(* For every integer $n\ge1$, $$\frac{[(2n)!]^2}{(2n-1)!\,(2n+1)!}=\sum_{k=1}^n\binom{2n}{2k}\frac{2^{2k}B_{2k}}{2n-2k+1}.$$
   Context: Bernoulli numbers $B_n$ are defined by $\frac{t}{e^t-1}=\sum_{n\ge0}B_nt^n/n!$. *)

theory Defs
  imports "HOL-Analysis.Analysis" "HOL-Computational_Algebra.Formal_Power_Series"
begin

definition bernoulli :: "nat \<Rightarrow> real" where
  "bernoulli n = fact n * fps_nth (fps_X / (fps_exp 1 - 1)) n"

end

theory Submission imports Defs begin

text \<open>
  Let b(x) = x/(e^x - 1) be the exponential generating function of
  the Bernoulli numbers.  Then h(x) = b(2x) e^x = 2x e^x/(e^(2x) - 1) = x/sinh x
  is an even power series, and by the Cauchy product its m-th coefficient is
  (1/m!) * sum_(j<=m) C(m,j) 2^j B_j.  Hence this binomial sum vanishes for odd m.
  Taking m = 2n+1 and using B_0 = 1, B_1 = -1/2 and B_j = 0 for odd j > 1 gives
  sum_(k=1..n) C(2n+1,2k) 2^(2k) B_(2k) = 2n.  Dividing by 2n+1 and using
  C(2n+1,2k)/(2n+1) = C(2n,2k)/(2n-2k+1) turns the left side into the sum of the
  theorem, while the factorial quotient of the theorem simplifies to 2n/(2n+1).
\<close>

definition bernoulli_gf :: "'a::field_char_0 fps" where
  "bernoulli_gf = fps_X / (fps_exp 1 - 1)"

lemma bernoulli_eq_gf: "bernoulli n = fact n * fps_nth (bernoulli_gf :: real fps) n"
  by (simp add: bernoulli_def bernoulli_gf_def)

text \<open>The defining equation b(x) (e^x - 1) = x; the division is exact because
  e^x - 1 is nonzero of subdegree 1.\<close>
lemma bernoulli_gf_times: "bernoulli_gf * (fps_exp 1 - 1) = (fps_X :: 'a::field_char_0 fps)"
proof -
  have nz: "fps_exp (1::'a) - 1 \<noteq> 0"
  proof
    assume "fps_exp (1::'a) - 1 = 0"
    then have "fps_nth (fps_exp (1::'a) - 1) 1 = 0" by simp
    then show False by simp
  qed
  have "subdegree (fps_exp (1::'a) - 1) \<le> 1"
    by (rule subdegree_leI) simp
  then have "subdegree (fps_exp (1::'a) - 1) \<le> subdegree (fps_X :: 'a fps)"
    by simp
  then show ?thesis
    unfolding bernoulli_gf_def by (rule fps_times_divide_eq[OF nz])
qed

lemma bernoulli_gf_scaled:
  fixes c :: "'a::field_char_0"
  shows "(bernoulli_gf oo (fps_const c * fps_X)) * (fps_exp c - 1) = fps_const c * fps_X"
proof -
  let ?M = "fps_const c * fps_X"
  have M0: "fps_nth ?M 0 = 0" by simp
  have "(bernoulli_gf * (fps_exp 1 - 1)) oo ?M = ?M"
    by (simp add: bernoulli_gf_times M0)
  then show ?thesis
    by (simp add: fps_compose_mult_distrib[OF M0] fps_compose_sub_distrib)
qed

lemma fps_const_minus_one_times_X: "fps_const (-1) * fps_X = - (fps_X :: 'a::ring_1 fps)"
  by (simp add: fps_eq_iff)

text \<open>Reflection law b(-x) = b(x) + x: both sides solve F (1 - e^x) = -x e^x,
  and 1 - e^x is not a zero divisor.\<close>
lemma bernoulli_gf_reflect:
  "bernoulli_gf oo - fps_X = bernoulli_gf + (fps_X :: 'a::field_char_0 fps)"
proof -
  let ?b = "bernoulli_gf :: 'a fps" and ?e = "fps_exp (1::'a)"
  let ?R = "?b oo - fps_X"
  have inv: "fps_exp (-1) * ?e = 1"
    by (simp add: fps_exp_add_mult[symmetric])
  have scaled: "?R * (fps_exp (-1) - 1) = - fps_X"
    using bernoulli_gf_scaled[of "-1::'a"] by (simp add: fps_const_minus_one_times_X)
  have "?R * (1 - ?e) = ?R * ((fps_exp (-1) - 1) * ?e)"
    by (simp add: left_diff_distrib inv)
  also have "\<dots> = - fps_X * ?e"
    by (simp only: mult.assoc[symmetric] scaled)
  finally have R: "?R * (1 - ?e) = - fps_X * ?e" .
  have "(?b + fps_X) * (1 - ?e) = - (?b * (?e - 1)) - fps_X * (?e - 1)"
    by (simp add: algebra_simps)
  also have "\<dots> = - fps_X - fps_X * (?e - 1)"
    by (simp only: bernoulli_gf_times)
  also have "\<dots> = - fps_X * ?e"
    by (simp add: algebra_simps)
  finally have "(?b + fps_X) * (1 - ?e) = - fps_X * ?e" .
  moreover have "1 - ?e \<noteq> 0"
  proof
    assume "1 - ?e = 0"
    then have "fps_nth (1 - ?e) 1 = 0" by simp
    then show False by simp
  qed
  ultimately show ?thesis
    using R by (metis mult_right_cancel)
qed

lemma bernoulli_gf_nth_reflect:
  "(-1)^n * fps_nth (bernoulli_gf :: 'a::field_char_0 fps) n
     = fps_nth bernoulli_gf n + (if n = 1 then 1 else 0)"
  using arg_cong[OF bernoulli_gf_reflect, of "\<lambda>F. fps_nth F n"]
  by (simp add: fps_compose_uminus')

lemma bernoulli_gf_nth_0: "fps_nth (bernoulli_gf :: 'a::field_char_0 fps) 0 = 1"
proof -
  have "fps_nth (bernoulli_gf * (fps_exp 1 - 1) :: 'a fps) 1 = 1"
    by (simp only: bernoulli_gf_times) simp
  then show ?thesis by (simp add: fps_mult_nth_1)
qed

lemma bernoulli_0: "bernoulli 0 = 1"
  by (simp add: bernoulli_eq_gf bernoulli_gf_nth_0)

lemma bernoulli_1: "bernoulli 1 = -1/2"
  using bernoulli_gf_nth_reflect[of 1, where 'a=real] by (simp add: bernoulli_eq_gf)

lemma bernoulli_odd: "odd n \<Longrightarrow> n \<noteq> 1 \<Longrightarrow> bernoulli n = 0"
  using bernoulli_gf_nth_reflect[of n, where 'a=real] by (simp add: bernoulli_eq_gf)

definition x_over_sinh :: "'a::field_char_0 fps" where
  "x_over_sinh = (bernoulli_gf oo (fps_const 2 * fps_X)) * fps_exp 1"

lemma x_over_sinh_times:
  "x_over_sinh * (fps_exp 1 - fps_exp (-1)) = fps_const 2 * (fps_X :: 'a::field_char_0 fps)"
proof -
  have "fps_exp (1::'a) * (fps_exp 1 - fps_exp (-1)) = fps_exp 2 - 1"
    by (simp add: algebra_simps fps_exp_add_mult[symmetric])
  then show ?thesis
    unfolding x_over_sinh_def using bernoulli_gf_scaled[of "2::'a"]
    by (simp add: mult.assoc)
qed

text \<open>h(-x) satisfies the same equation, and e^x - e^(-x) is not a zero divisor,
  so h is even.\<close>
lemma x_over_sinh_even:
  "x_over_sinh oo - fps_X = (x_over_sinh :: 'a::field_char_0 fps)"
proof -
  let ?M = "- fps_X :: 'a fps" and ?D = "fps_exp 1 - fps_exp (-1) :: 'a fps"
  have M0: "fps_nth ?M 0 = 0" by simp
  have "(x_over_sinh * ?D) oo ?M = fps_const 2 * fps_X oo ?M"
    by (simp only: x_over_sinh_times)
  then have "(x_over_sinh oo ?M) * (- ?D) = - (fps_const 2 * fps_X)"
    by (simp add: fps_compose_mult_distrib[OF M0] fps_compose_sub_distrib)
  then have "(x_over_sinh oo ?M) * ?D = fps_const 2 * fps_X"
    by (simp add: algebra_simps)
  also have "\<dots> = x_over_sinh * ?D"
    by (simp only: x_over_sinh_times)
  moreover have "?D \<noteq> 0"
  proof
    assume "?D = 0"
    then have "fps_nth ?D 1 = 0" by simp
    then show False by simp
  qed
  ultimately show ?thesis by (metis mult_right_cancel)
qed

lemma x_over_sinh_nth_odd:
  "odd m \<Longrightarrow> fps_nth (x_over_sinh :: 'a::field_char_0 fps) m = 0"
  using arg_cong[OF x_over_sinh_even, of "\<lambda>F. fps_nth F m"] by (simp add: fps_compose_uminus')

text \<open>The Cauchy product of b(2x) and e^x gives the binomial sum of Bernoulli numbers.\<close>
lemma bernoulli_binomial_sum:
  "(\<Sum>j=0..m. real (m choose j) * 2^j * bernoulli j) = fact m * fps_nth x_over_sinh m"
proof -
  have "fps_nth x_over_sinh m = (\<Sum>j=0..m. 2^j * fps_nth (bernoulli_gf :: real fps) j / fact (m - j))"
    by (simp add: x_over_sinh_def fps_mult_nth)
  moreover have "real (m choose j) * 2^j * bernoulli j
      = fact m * (2^j * fps_nth (bernoulli_gf :: real fps) j / fact (m - j))" if "j \<le> m" for j
    using that by (simp add: binomial_fact bernoulli_eq_gf field_simps)
  ultimately show ?thesis by (simp add: sum_distrib_left)
qed

lemma bernoulli_binomial_sum_odd:
  "odd m \<Longrightarrow> (\<Sum>j=0..m. real (m choose j) * 2^j * bernoulli j) = 0"
  by (simp add: bernoulli_binomial_sum x_over_sinh_nth_odd)

lemma sum_even_odd_split:
  fixes f :: "nat \<Rightarrow> 'a::comm_monoid_add"
  shows "(\<Sum>j<2*N. f j) = (\<Sum>k<N. f (2*k) + f (2*k+1))"
  by (induction N) (simp_all add: algebra_simps)

text \<open>In the vanishing sum for m = 2n+1 only B_0, B_1 and the even-index terms survive.\<close>
lemma bernoulli_even_binomial_sum:
  "(\<Sum>k=1..n. real ((2*n+1) choose (2*k)) * 2^(2*k) * bernoulli (2*k)) = real (2*n)"
proof -
  define f where "f j = real ((2*n+1) choose j) * 2^j * bernoulli j" for j
  have "{0..2*n+1} = {..<2*(n+1)}" by auto
  then have "(\<Sum>j<2*(n+1). f j) = 0"
    using bernoulli_binomial_sum_odd[of "2*n+1"] by (simp add: f_def)
  then have "(\<Sum>k<n+1. f (2*k) + f (2*k+1)) = 0"
    by (simp only: sum_even_odd_split)
  moreover have "f (2*k+1) = (if k = 0 then - real (2*n+1) else 0)" for k
    by (simp add: f_def bernoulli_1[simplified] bernoulli_odd field_simps)
  ultimately have "(\<Sum>k<n+1. f (2*k)) = real (2*n+1)"
    by (simp add: sum.distrib split: if_splits)
  moreover have "(\<Sum>k<n+1. f (2*k)) = f 0 + (\<Sum>k=1..n. f (2*k))"
    by (simp add: lessThan_Suc_atMost sum.atLeast_Suc_atMost atLeast0AtMost[symmetric])
  moreover have "f 0 = 1" by (simp add: f_def bernoulli_0)
  ultimately show ?thesis by (simp add: f_def)
qed

lemma binomial_absorb_real:
  fixes x :: real
  assumes "j \<le> m"
  shows "real (m choose j) * x / real (m - j + 1) = real ((m+1) choose j) * x / real (m+1)"
proof -
  have "(m + 1 - j) * ((m+1) choose j) = (m+1) * (m choose j)"
    using binomial_absorb_comp[of "m+1" j] by simp
  then have "real (m - j + 1) * real ((m+1) choose j) = real (m+1) * real (m choose j)"
    using assms by (metis Suc_diff_le Suc_eq_plus1 of_nat_mult)
  then show ?thesis by (simp add: field_simps)
qed

lemma fact_square_quotient:
  assumes "m \<ge> 1"
  shows "(fact m)^2 / (fact (m - 1) * fact (m + 1)) = (real m / real (m+1) :: real)"
proof -
  define F :: real where "F = fact (m - 1)"
  have F: "F > 0" unfolding F_def by simp
  have m: "real m > 0" using assms by simp
  have fm: "fact m = real m * F"
    unfolding F_def using assms by (simp add: fact_reduce) 
  have "(fact m)^2 / (fact (m - 1) * fact (m + 1)) = (real m * F) * (real m * F) / (real m * F * (real (m+1) * F))"
    unfolding fm F_def[symmetric] by (simp add: power2_eq_square fm mult_ac)
  also have "\<dots> = real m / real (m+1)"
    using F m by simp
  finally show ?thesis .
qed

theorem mainTheorem20:
  fixes n :: nat
  assumes "n \<ge> 1"
  shows "(fact (2*n))^2 / (fact (2*n - 1) * fact (2*n + 1)) =
    (\<Sum>k=1..n. real ((2*n) choose (2*k)) * 2^(2*k) * bernoulli (2*k) / real (2*n - 2*k + 1))"
proof -
  have absorb: "real ((2*n) choose (2*k)) * (2^(2*k) * bernoulli (2*k)) / real (2*n - 2*k + 1)
      = real ((2*n+1) choose (2*k)) * (2^(2*k) * bernoulli (2*k)) / real (2*n+1)"
    if "k \<in> {1..n}" for k
    using that by (intro binomial_absorb_real) simp
  have "(fact (2*n))^2 / (fact (2*n - 1) * fact (2*n + 1)) = real (2*n) / real (2*n+1)"
    by (rule fact_square_quotient) (use assms in simp)
  also have "\<dots> = (\<Sum>k=1..n. real ((2*n+1) choose (2*k)) * 2^(2*k) * bernoulli (2*k) / real (2*n+1))"
    unfolding sum_divide_distrib[symmetric] bernoulli_even_binomial_sum ..
  also have "\<dots> = (\<Sum>k=1..n. real ((2*n) choose (2*k)) * 2^(2*k) * bernoulli (2*k) / real (2*n - 2*k + 1))"
    by (rule sum.cong) (simp_all only: mult.assoc absorb)
  finally show ?thesis .
qed

end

◇ ◇ ◇ ◇ ◇ ◇ ◇

To do>
In the data above, find the line that contains "m = (\<Sum>j=0..m." and the line that contains "by (simp add: sum.distrib". Repeat exactly those lines and every line between them, and only those.

Answer for this exercise>
  have "fps_nth x_over_sinh m = (\<Sum>j=0..m. 2^j * fps_nth (bernoulli_gf :: real fps) j / fact (m - j))"
    by (simp add: x_over_sinh_def fps_mult_nth)
  moreover have "real (m choose j) * 2^j * bernoulli j
      = fact m * (2^j * fps_nth (bernoulli_gf :: real fps) j / fact (m - j))" if "j \<le> m" for j
    using that by (simp add: binomial_fact bernoulli_eq_gf field_simps)
  ultimately show ?thesis by (simp add: sum_distrib_left)
qed

lemma bernoulli_binomial_sum_odd:
  "odd m \<Longrightarrow> (\<Sum>j=0..m. real (m choose j) * 2^j * bernoulli j) = 0"
  by (simp add: bernoulli_binomial_sum x_over_sinh_nth_odd)

lemma sum_even_odd_split:
  fixes f :: "nat \<Rightarrow> 'a::comm_monoid_add"
  shows "(\<Sum>j<2*N. f j) = (\<Sum>k<N. f (2*k) + f (2*k+1))"
  by (induction N) (simp_all add: algebra_simps)

text \<open>In the vanishing sum for m = 2n+1 only B_0, B_1 and the even-index terms survive.\<close>
lemma bernoulli_even_binomial_sum:
  "(\<Sum>k=1..n. real ((2*n+1) choose (2*k)) * 2^(2*k) * bernoulli (2*k)) = real (2*n)"
proof -
  define f where "f j = real ((2*n+1) choose j) * 2^j * bernoulli j" for j
  have "{0..2*n+1} = {..<2*(n+1)}" by auto
  then have "(\<Sum>j<2*(n+1). f j) = 0"
    using bernoulli_binomial_sum_odd[of "2*n+1"] by (simp add: f_def)
  then have "(\<Sum>k<n+1. f (2*k) + f (2*k+1)) = 0"
    by (simp only: sum_even_odd_split)
  moreover have "f (2*k+1) = (if k = 0 then - real (2*n+1) else 0)" for k
    by (simp add: f_def bernoulli_1[simplified] bernoulli_odd field_simps)
  ultimately have "(\<Sum>k<n+1. f (2*k)) = real (2*n+1)"
    by (simp add: sum.distrib split: if_splits)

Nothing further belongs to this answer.